Debbie Gray dgray at uidaho.edu
Mon Apr 11 15:05:32 PDT 2005


>From the Heartland Institute (they have a great website, it also 
includes info about school reform, etc)
http://www.heartland.org/Index.cfm

6 MYTHS ABOUT THE FUTURE OF SMALL TOWNS


1. Towns that are "too small" have no future.					
	Mythology about small towns says that there is a certain 
population number that can support a community and no less. That 
number may be 2500 or 1000 or 500, depending on whose 
"expertise" is being quoted. 
The truth is that there is no magical number at which a town can 
survive. Heartland Center research has shown that even very tiny 
towns, with populations as small as 100 or less, manage to 
survive through thoughtful planning, entrepreneurial genius and 
hard work. No community should perceive itself as "too small" to 
survive. 
In fact, small towns can use size as a competitive advantage. As 
with a small business, the smaller community can retain certain 
flexibility. Without the disadvantages of city bureaucracy, it 
can respond faster to new trends and changing marketplace 
opportunities. Like a small business, it can seek its own unique 
niche.

2. A community's location is key to its survival.
Dependence on proximity to a major highway, a large metropolitan 
area or a significant natural resource is typical of industrial-
age thinking that believes a community's success hinges on 
location.
This type of thinking may have been more important in the past, 
when industry and agriculture employed most rural jobholders. 
Today, however, with growth in the service, information and 
government sectors, the old industrial age factors bear lesser 
importance.
Now, the key is "what community leaders do with what is 
available." This translates as attitudes and behaviors of people 
in leadership.
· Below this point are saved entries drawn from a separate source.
lemma const_fixed_point_exists:
  fixes f :: "(nat \<Rightarrow> 'a::complete_space) \<Rightarrow> 'a"
  assumes lipschitz: "\<And>u v. u \<in> linf \<Longrightarrow> v \<in> linf \<Longrightarrow> dist (f u) (f v) \<le> L * D u v"
    and D_const: "\<And>w w'. D (\<lambda>_. w) (\<lambda>_. w') \<le> C * dist w w'"
    and "0 \<le> L" "0 \<le> L * C" "L * C < 1"
  shows "\<exists>z. f (\<lambda>_. z) = z"
proof -
  have "dist (f (\<lambda>_. w)) (f (\<lambda>_. w')) \<le> L * C * dist w w'" for w w' :: 'a
  proof -
    have "dist (f (\<lambda>_. w)) (f (\<lambda>_. w')) \<le> L * D (\<lambda>_. w) (\<lambda>_. w')"
      by (rule lipschitz[OF const_in_linf const_in_linf])
    also have "\<dots> \<le> L * (C * dist w w')" using D_const \<open>0 \<le> L\<close> by (rule mult_left_mono)
    finally show ?thesis by (simp add: mult.assoc)
  qed
  then have "\<exists>!z. f (\<lambda>_. z) = z"
    using banach_fix_type[of "L * C" "\<lambda>w. f (\<lambda>_. w)"] assms by blast
  then show ?thesis by blast
qed

locale tilde_contraction =
  fixes f :: "(nat \<Rightarrow> 'a::metric_space) \<Rightarrow> 'a"
    and D :: "(nat \<Rightarrow> 'a) \<Rightarrow> (nat \<Rightarrow> 'a) \<Rightarrow> real" and L M :: real
  assumes D_nonneg: "\<And>u v. u \<in> linf \<Longrightarrow> v \<in> linf \<Longrightarrow> 0 \<le> D u v"
    and lipschitz: "\<And>u v. u \<in> linf \<Longrightarrow> v \<in> linf \<Longrightarrow> dist (f u) (f v) \<le> L * D u v"
    and ftilde_contraction:
      "\<And>u v. u \<in> linf \<Longrightarrow> v \<in> linf \<Longrightarrow> D (ftilde f u) (ftilde f v) \<le> M * D u v"
    and L_nonneg: "0 \<le> L" and M_nonneg: "0 \<le> M" and M_less_1: "M < 1"
begin

lemma xtilde_dist_fixed_point:
  assumes fp: "f (\<lambda>_. z) = z" and x: "x \<in> linf"
  shows "D (xtilde f x k) (\<lambda>_. z) \<le> M ^ k * D x (\<lambda>_. z)"
proof (induction k)
  case (Suc k)
  have "D (xtilde f x (Suc k)) (\<lambda>_. z) = D (ftilde f (xtilde f x k)) (ftilde f (\<lambda>_. z))"
    by (simp add: xtilde_Suc ftilde_const[of f z, OF fp])
  also have "\<dots> \<le> M * D (xtilde f x k) (\<lambda>_. z)"
    by (rule ftilde_contraction[OF xtilde_in_linf[OF x] const_in_linf])
  also have "\<dots> \<le> M * (M ^ k * D x (\<lambda>_. z))" using Suc M_nonneg by (rule mult_left_mono)
  finally show ?case by simp
qed (simp add: xtilde_def)

lemma xtilde_dist_Suc:
  assumes x: "x \<in> linf"
  shows "D (xtilde f x (Suc k)) (xtilde f x k) \<le> M ^ k * D (xtilde f x 1) (xtilde f x 0)"
proof (induction k)
  case (Suc k)
  have "D (xtilde f x (Suc (Suc k))) (xtilde f x (Suc k))
      = D (ftilde f (xtilde f x (Suc k))) (ftilde f (xtilde f x k))"
    by (simp only: xtilde_Suc)
  also have "\<dots> \<le> M * D (xtilde f x (Suc k)) (xtilde f x k)"
    by (rule ftilde_contraction[OF xtilde_in_linf[OF x] xtilde_in_linf[OF x]])
  also have "\<dots> \<le> M * (M ^ k * D (xtilde f x 1) (xtilde f x 0))"
    using Suc M_nonneg by (rule mult_left_mono)
  finally show ?case by simp
qed simp

lemma gen_iter_LIMSEQ:
  assumes fp: "f (\<lambda>_. z) = z" and x: "x \<in> linf"
  shows "(\<lambda>k. gen_iter f x (Suc k)) \<longlonglongrightarrow> z"
proof -
  have bound: "dist (gen_iter f x (Suc k)) z \<le> L * (M ^ k * D x (\<lambda>_. z))" for k
  proof -
    have "dist (gen_iter f x (Suc k)) z = dist (f (xtilde f x k)) (f (\<lambda>_. z))"
      by (simp add: gen_iter_def fp)
    also have "\<dots> \<le> L * D (xtilde f x k) (\<lambda>_. z)"
      by (rule lipschitz[OF xtilde_in_linf[OF x] const_in_linf])
    also have "\<dots> \<le> L * (M ^ k * D x (\<lambda>_. z))"
      using xtilde_dist_fixed_point[OF fp x] L_nonneg by (rule mult_left_mono)
    finally show ?thesis .
  qed
  have "(\<lambda>k. L * (M ^ k * D x (\<lambda>_. z))) \<longlonglongrightarrow> 0"
    using M_nonneg M_less_1
    by (intro tendsto_mult_right_zero tendsto_mult_left_zero LIMSEQ_power_zero) simp
  then have "(\<lambda>k. dist (gen_iter f x (Suc k)) z) \<longlonglongrightarrow> 0"
    by (rule Lim_null_comparison[rotated]) (use bound in \<open>auto intro: always_eventually\<close>)
  then show ?thesis using tendsto_dist_iff by blast
qed

lemma gen_iter_error_bound:
  assumes fp: "f (\<lambda>_. z) = z" and x: "x \<in> linf" and k: "1 \<le> k"
  shows "dist (gen_iter f x k) z \<le> L * M ^ (k - 1) / (1 - M) * D (xtilde f x 1) (xtilde f x 0)"
proof -
  define c where "c = L * D (xtilde f x 1) (xtilde f x 0)"
  have step: "dist (gen_iter f x (Suc (Suc j))) (gen_iter f x (Suc j)) \<le> c * M ^ j" for j
  proof -
    have "dist (gen_iter f x (Suc (Suc j))) (gen_iter f x (Suc j))
        = dist (f (xtilde f x (Suc j))) (f (xtilde f x j))"
      by (simp add: gen_iter_def)
    also have "\<dots> \<le> L * D (xtilde f x (Suc j)) (xtilde f x j)"
      by (rule lipschitz[OF xtilde_in_linf[OF x] xtilde_in_linf[OF x]])
    also have "\<dots> \<le> L * (M ^ j * D (xtilde f x 1) (xtilde f x 0))"
      using xtilde_dist_Suc[OF x] L_nonneg by (rule mult_left_mono)
    finally show ?thesis by (simp add: c_def ac_simps)
  qed
  have "0 \<le> c"
    unfolding c_def using L_nonneg D_nonneg[OF xtilde_in_linf[OF x] xtilde_in_linf[OF x]] by simp
  from k obtain j where "k = Suc j" by (cases k) auto
  with dist_limit_le_geometric[OF gen_iter_LIMSEQ[OF fp x] step \<open>0 \<le> c\<close> M_nonneg M_less_1, of j]
  show ?thesis by (simp add: c_def ac_simps)
qed

end

lemma linf_dist_bounded:
  assumes "u \<in> linf" "v \<in> linf"
  obtains B where "\<And>n. dist (u n) (v n) \<le> B"
proof -
  obtain e1 where e1: "\<forall>y\<in>range u. dist (u 0) y \<le> e1"
    using assms bounded_any_center[of "range u" "u 0"] by (auto simp: linf_def)
  obtain e2 where e2: "\<forall>y\<in>range v. dist (u 0) y \<le> e2"
    using assms bounded_any_center[of "range v" "u 0"] by (auto simp: linf_def)
  have "dist (u n) (v n) \<le> e1 + e2" for n
  proof -
    have "dist (u 0) (u n) \<le> e1" "dist (u 0) (v n) \<le> e2" using e1 e2 by auto
    then show ?thesis using dist_triangle3[of "u n" "v n" "u 0"] by linarith
  qed
  then show ?thesis using that by blast
qed
(* Let $G$ be a scheduling game on $m\ge2$ identical machines of common speed $s>0$ with arbitrary priority lists, in which every job $i$ has negative deterioration $p_i(t)=\max\{\tau_i,b_i-a_it\}$ with $0\le a_i\le s$ (all jobs delay-averse). Then every pure Nash equilibrium $\sigma$ of $G$ satisfies $C_{\max}(\sigma)\le\left(3-\frac1m\right)OPT(G)$; i.e., $PoA({\cal G}^{-DA}_P)\le 3-\frac1m$.
   Context: Scheduling game: a finite set $N$ of $n$ jobs (players) and a set $M$ of $m$ machines. Machine $j$ has speed $s_j>0$ and a priority list $\pi_j$, a bijection $N\to\{1,\dots,n\}$; job $u$ has higher priority than $v$ on $j$ iff $\pi_j(u)<\pi_j(v)$. Negative deterioration: $p_i(t)=\max\{\tau_i,b_i-a_it\}$ with $b_i,a_i\ge0$, $\tau_i>0$. A profile $\sigma\in M^N$ assigns each job to a machine. On machine $j$, the jobs assigned to it, listed in increasing $\pi_j$-order as $i_1,i_2,\dots$, are processed without idle time: $S_{i_1}(\sigma)=0$, $C_{i_k}(\sigma)=S_{i_k}(\sigma)+p_{i_k}(S_{i_k}(\sigma))/s_j$, $S_{i_{k+1}}(\sigma)=C_{i_k}(\sigma)$. The cost of job $i$ is $C_i(\sigma)$. A pure Nash equilibrium (NE) is a profile in which no job can strictly decrease its completion time by unilaterally changing its machine. Makespan $C_{\max}(\sigma)=\max_iC_i(\sigma)$; $OPT(G)=\min_\sigma C_{\max}(\sigma)$ over all profiles. ${\cal G}^{-DA}_P$ denotes the class of all games described in the claim, and its PoA is the supremum over its games of $\max_{\sigma\text{ NE}}C_{\max}(\sigma)/OPT(G)$. *)

theory Defs
  imports Complex_Main "HOL-Library.FuncSet"
begin

text \<open>Scheduling game data: jobs N :: 'j set, machines M :: 'm set,
 speeds s :: 'm => real, priority lists pi :: 'm => 'j => nat
 (pi j a bijection N -> {1..n}), processing-time functions p :: 'j => real => real.\<close>

definition neg_det :: "real \<Rightarrow> real \<Rightarrow> real \<Rightarrow> real \<Rightarrow> real" where
  "neg_det \<tau> b a t = max \<tau> (b - a * t)"

definition prio_list :: "'j set \<Rightarrow> ('m \<Rightarrow> 'j \<Rightarrow> nat) \<Rightarrow> 'm \<Rightarrow> 'j list" where
  "prio_list N \<pi> j = map (the_inv_into N (\<pi> j)) [1..<card N + 1]"

definition machine_seq :: "'j set \<Rightarrow> ('m \<Rightarrow> 'j \<Rightarrow> nat) \<Rightarrow> ('j \<Rightarrow> 'm) \<Rightarrow> 'm \<Rightarrow> 'j list" where
  "machine_seq N \<pi> \<sigma> j = filter (\<lambda>i. \<sigma> i = j) (prio_list N \<pi> j)"
(* For all $k\in\mathbb N$, all $n>k$ and all irrational $x\in(0,1)$, $$|\delta_k(T^{n-k}x)-\delta_n(x)|<-\log(1-2^{-k/2}).$$
   Context: $T:(0,1)\to[0,1)$ is the Gauss map $T(x)=\{1/x\}$ (fractional part of $1/x$). For irrational $x\in(0,1)$ with continued fraction expansion $[a_1,a_2,\ldots]$, $q_n(x)$ is the denominator (in lowest terms) of the $n$-th convergent $p_n/q_n=[a_1,\ldots,a_n]$, and $\delta_n(x)=\log q_n(x)+\sum_{j=0}^{n-1}\log(T^jx)$, with $\log$ the natural logarithm. *)

theory Defs
  imports Complex_Main
begin

definition gauss :: "real \<Rightarrow> real" where
  "gauss x = frac (1 / x)"

definition cf_digit :: "nat \<Rightarrow> real \<Rightarrow> nat" where
  "cf_digit j x = nat \<lfloor>1 / ((gauss ^^ (j - 1)) x)\<rfloor>"

fun cf_eval :: "nat list \<Rightarrow> rat" where
  "cf_eval [] = 0"
| "cf_eval (a # as) = 1 / (of_nat a + cf_eval as)"

definition convergent :: "nat \<Rightarrow> real \<Rightarrow> rat" where
  "convergent n x = cf_eval (map (\<lambda>j. cf_digit j x) [1..<n+1])"

definition cf_q :: "nat \<Rightarrow> real \<Rightarrow> int" where
  "cf_q n x = snd (quotient_of (convergent n x))"
lemma ilim_le:
  assumes "F \<noteq> bot" and "ilim f A F" and "ilim g B F"
    and "eventually (\<lambda>h. ile (f h) (g h)) F"
  shows "ile A B"
  unfolding ile_def
proof
  show "fst A \<le> fst B"
    using assms(4) by (rule tendsto_le[OF assms(1) ilim_imp_tendsto_fst[OF assms(3)]
        ilim_imp_tendsto_fst[OF assms(2)] eventually_mono]) (simp add: ile_def)
  show "snd A \<le> snd B"
    using assms(4) by (rule tendsto_le[OF assms(1) ilim_imp_tendsto_snd[OF assms(3)]
        ilim_imp_tendsto_snd[OF assms(2)] eventually_mono]) (simp add: ile_def)
qed

lemma eventually_at_zero_small_step_in_open:
  fixes x v :: "'a::real_normed_vector"
  assumes "open X" and "x \<in> X" and "0 < \<delta>"
  shows "eventually (\<lambda>t::real. norm (t *\<^sub>R v) < \<delta> \<and> x + t *\<^sub>R v \<in> X) (at 0)"
proof -
  have "((\<lambda>t. norm (t *\<^sub>R v)) \<longlongrightarrow> 0) (at (0::real))"
    by (intro tendsto_eq_intros) auto
  moreover have "((\<lambda>t. x + t *\<^sub>R v) \<longlongrightarrow> x) (at (0::real))"
    by (intro tendsto_eq_intros) auto
  ultimately show ?thesis
    using assms by (intro eventually_conj order_tendstoD(2) topological_tendstoD) auto
qed

lemma tendsto_inorm_along_ray:
  fixes v :: "'a::real_normed_vector"
  assumes "ilim E izero (at 0)"
  shows "((\<lambda>t::real. norm v * inorm (E (t *\<^sub>R v))) \<longlongrightarrow> 0) (at 0)"
proof (cases "v = 0")
  case False
  have "((\<lambda>d. inorm (E d)) \<longlongrightarrow> 0) (at 0)"
    using assms by (simp add: ilim_def inorm_gH_diff_izero)
  moreover have "filterlim (\<lambda>t. t *\<^sub>R v) (at 0) (at (0::real))"
  proof (unfold filterlim_at, intro conjI)
    show "\<forall>\<^sub>F t in at 0. t *\<^sub>R v \<in> UNIV \<and> t *\<^sub>R v \<noteq> 0"
      using False by (simp add: eventually_at_filter)
    show "((\<lambda>t. t *\<^sub>R v) \<longlongrightarrow> 0) (at (0::real))"
      by (intro tendsto_eq_intros) auto
  qed
  ultimately show ?thesis
    by (intro tendsto_mult_right_zero) (rule filterlim_compose)
qed simp

lemma gH_quotient_tendsto_lin_ivf:
  assumes "open X" and "x \<in> X" and "0 < \<delta>"
    and remainder: "\<forall>d. norm d < \<delta> \<and> x + d \<in> X \<longrightarrow>
      gH_diff (gH_diff (F (x + d)) (F x)) (lin_ivf c d) = iscale (norm d) (E d)"
    and "ilim E izero (at 0)"
  shows "ilim (gH_quotient F x v) (lin_ivf c v) (at 0)"
proof -
  have error_eq: "norm v * inorm (E (t *\<^sub>R v)) = inorm (gH_diff (gH_quotient F x v t) (lin_ivf c v))"
    if "t \<noteq> 0" and "norm (t *\<^sub>R v) < \<delta> \<and> x + t *\<^sub>R v \<in> X" for t
  proof -
    have "lin_ivf c v = iscale (1 / t) (lin_ivf c (t *\<^sub>R v))"
      using that(1) by (simp add: lin_ivf_scaleR iscale_iscale)
    then have "gH_diff (gH_quotient F x v t) (lin_ivf c v)
        = iscale (1 / t) (iscale (norm (t *\<^sub>R v)) (E (t *\<^sub>R v)))"
      using remainder that(2) by (simp add: gH_quotient_def iscale_gH_diff [symmetric])
    then show ?thesis
      using that(1) by (simp add: inorm_iscale)
  qed
  from eventually_neq_at_within eventually_at_zero_small_step_in_open[OF assms(1-3)]
  have "eventually (\<lambda>t. norm v * inorm (E (t *\<^sub>R v))
      = inorm (gH_diff (gH_quotient F x v t) (lin_ivf c v))) (at 0)"
    by (rule eventually_elim2) (rule error_eq)
  with tendsto_inorm_along_ray[OF assms(5)] show ?thesis
    unfolding ilim_def by (rule Lim_transform_eventually)
qed

lemma gH_differentiable_at_imp_gH_quotient_tendsto:
  assumes "open X" and "x \<in> X" and "gH_differentiable_at F X x"
  shows "ilim (gH_quotient F x v) (dir_grad F v x) (at 0)"
proof -
  obtain c E \<delta> where "0 < \<delta>"
    and remainder: "\<forall>d. norm d < \<delta> \<and> x + d \<in> X \<longrightarrow>
      gH_diff (gH_diff (F (x + d)) (F x)) (lin_ivf c d) = iscale (norm d) (E d)"
    and "ilim E izero (at 0)"
    using assms(3) unfolding gH_differentiable_at_def by blast
  then have lim: "ilim (gH_quotient F x w) (lin_ivf c w) (at 0)" for w
    using assms(1,2) by (intro gH_quotient_tendsto_lin_ivf)
  have "gH_partial F i x = c i" for i
    unfolding gH_partial_def
  proof (rule the_equality)
    show "has_gH_partial F x i (c i)"
      using lim[of "axis i 1"] by (simp add: has_gH_partial_iff_quotient lin_ivf_axis)
    show "D = c i" if "has_gH_partial F x i D" for D
      using that lim[of "axis i 1"]
      by (intro ilim_unique[of "at 0"]) (simp_all add: has_gH_partial_iff_quotient lin_ivf_axis)
  qed
  with lim show ?thesis
    by (simp add: dir_grad_eq_lin_ivf)
qed

lemma gH_differentiable_on_imp_gH_quotient_tendsto_right:
  assumes "open X" and "gH_differentiable_on F X" and "x \<in> X"
  shows "ilim (gH_quotient F x v) (dir_grad F v x) (at_right 0)"
proof (rule ilim_mono)
  show "ilim (gH_quotient F x v) (dir_grad F v x) (at 0)"
    using assms unfolding gH_differentiable_on_def
    by (simp add: gH_differentiable_at_imp_gH_quotient_tendsto)
  show "at_right 0 \<le> at (0::real)"
    by (rule at_le) simp
qed
(* For every $n\in\mathbb{N}^+$ the set $\mathcal{F}_n=\{G\in\mathcal{C}(\mathbb{T}^{\mathbb{N}}): \pi_{[0,n-1]}(G) \text{ is a circle group and } \pi_{[n,\infty)}(G) \text{ is the trivial group}\}$ is a $\frac{1}{2^{n-1}}$-net in $\mathcal{C}(\mathbb{T}^{\mathbb{N}})$, i.e. for every $G\in\mathcal{C}(\mathbb{T}^{\mathbb{N}})$ there is $F\in\mathcal{F}_n$ with $d_H(G,F)\le \frac{1}{2^{n-1}}$.
   Context: Let $\mathbb{T}=\mathbb{R}/\mathbb{Z}$ with its usual metric $d_{\mathbb{T}}$ (diameter $1/2$), and $\mathbb{T}^{\mathbb{N}}$ with metric $d(x,y)=\sum_{n=0}^\infty 2^{-n}d_{\mathbb{T}}(x(n),y(n))$. $\mathcal{C}(\mathbb{T}^{\mathbb{N}})$ is the set of nonempty compact connected subgroups of $\mathbb{T}^{\mathbb{N}}$ with the Hausdorff metric $d_H$ induced by $d$. For $G\in\mathcal{C}(\mathbb{T}^{\mathbb{N}})$, $\pi_{[0,n-1]}(G)$ is the projection of $G$ onto the first $n$ coordinates (a subgroup of $\mathbb{T}^n$) and $\pi_{[n,\infty)}(G)$ is its projection onto the coordinates $n,n+1,\dots$. A circle group means a subgroup isomorphic as a topological group to $\mathbb{T}$. *)

theory Defs
  imports "HOL-Analysis.Analysis"
begin

text \<open>The circle T = R/Z is represented by the representatives [0,1) with addition mod 1.\<close>

definition T_set :: "real set" where
  "T_set = {0..<1}"

definition T_add :: "real \<Rightarrow> real \<Rightarrow> real" where
  "T_add a b = frac (a + b)"

definition dT :: "real \<Rightarrow> real \<Rightarrow> real" where
  "dT a b = \<bar>(a - b) - of_int (round (a - b))\<bar>"

definition T_top :: "real topology" where
  "T_top = Metric_space.mtopology T_set dT"

definition TN :: "(nat \<Rightarrow> real) set" where
  "TN = {x. \<forall>n. x n \<in> T_set}"

definition TN_zero :: "nat \<Rightarrow> real" where
  "TN_zero = (\<lambda>n. 0)"

definition TN_add :: "(nat \<Rightarrow> real) \<Rightarrow> (nat \<Rightarrow> real) \<Rightarrow> (nat \<Rightarrow> real)" where
  "TN_add x y = (\<lambda>n. T_add (x n) (y n))"

definition TN_neg :: "(nat \<Rightarrow> real) \<Rightarrow> (nat \<Rightarrow> real)" where
  "TN_neg x = (\<lambda>n. frac (- x n))"

definition dTN :: "(nat \<Rightarrow> real) \<Rightarrow> (nat \<Rightarrow> real) \<Rightarrow> real" where
  "dTN x y = (\<Sum>n. dT (x n) (y n) / 2 ^ n)"

definition TN_top :: "(nat \<Rightarrow> real) topology" where
  "TN_top = Metric_space.mtopology TN dTN"

definition is_subgroup_TN :: "(nat \<Rightarrow> real) set \<Rightarrow> bool" where
  "is_subgroup_TN G \<longleftrightarrow> G \<subseteq> TN \<and> TN_zero \<in> G \<and>
     (\<forall>x\<in>G. \<forall>y\<in>G. TN_add x y \<in> G) \<and> (\<forall>x\<in>G. TN_neg x \<in> G)"

definition CTN :: "(nat \<Rightarrow> real) set set" where
  "CTN = {G. G \<noteq> {} \<and> is_subgroup_TN G \<and> compactin TN_top G \<and> connectedin TN_top G}"

definition dH :: "(nat \<Rightarrow> real) set \<Rightarrow> (nat \<Rightarrow> real) set \<Rightarrow> real" where
  "dH A B = max (SUP a\<in>A. INF b\<in>B. dTN a b) (SUP b\<in>B. INF a\<in>A. dTN a b)"

text \<open>Projection onto coordinates 0..n-1, with T^n identified with the closed subgroup
  of T^N of sequences vanishing from coordinate n on (a topological group isomorphism).\<close>
definition proj_init :: "nat \<Rightarrow> (nat \<Rightarrow> real) \<Rightarrow> (nat \<Rightarrow> real)" where
  "proj_init n x = (\<lambda>i. if i < n then x i else 0)"

definition proj_tail :: "nat \<Rightarrow> (nat \<Rightarrow> real) \<Rightarrow> (nat \<Rightarrow> real)" where
  "proj_tail n x = (\<lambda>i. x (i + n))"

definition circle_group :: "(nat \<Rightarrow> real) set \<Rightarrow> bool" where
  "circle_group H \<longleftrightarrow> H \<subseteq> TN \<and> (\<exists>f. homeomorphic_map T_top (subtopology TN_top H) f \<and>
       (\<forall>a\<in>T_set. \<forall>b\<in>T_set. f (T_add a b) = TN_add (f a) (f b)))"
In other words, in an Information Age, 
leadership, not location, is the most important factor in 
community survival.

 
3. Industrial recruitment is the best strategy for economic 
development.
Recruiting new industries is still the strategy of choice among 
many small towns and economic development experts, even though 
study after study suggests that industrial recruitment, alone, 
is not a realistic long-term answer.
Too often, small towns have wasted all their time, energy and 
money trying to attract new industry, only to learn that they 
should have been working harder to keep the employers they 
already have.
Small towns that throw all their eggs into the industrial 
recruitment basket are taking a big risk. They're competing for 
a few expansions or relocations against thousands of other small 
towns just like themselves nationwide. They should be working on 
a broader strategy that emphasizes growing from within, first, 
then recruiting from the outside.

4. Small towns can't compete in the global economy.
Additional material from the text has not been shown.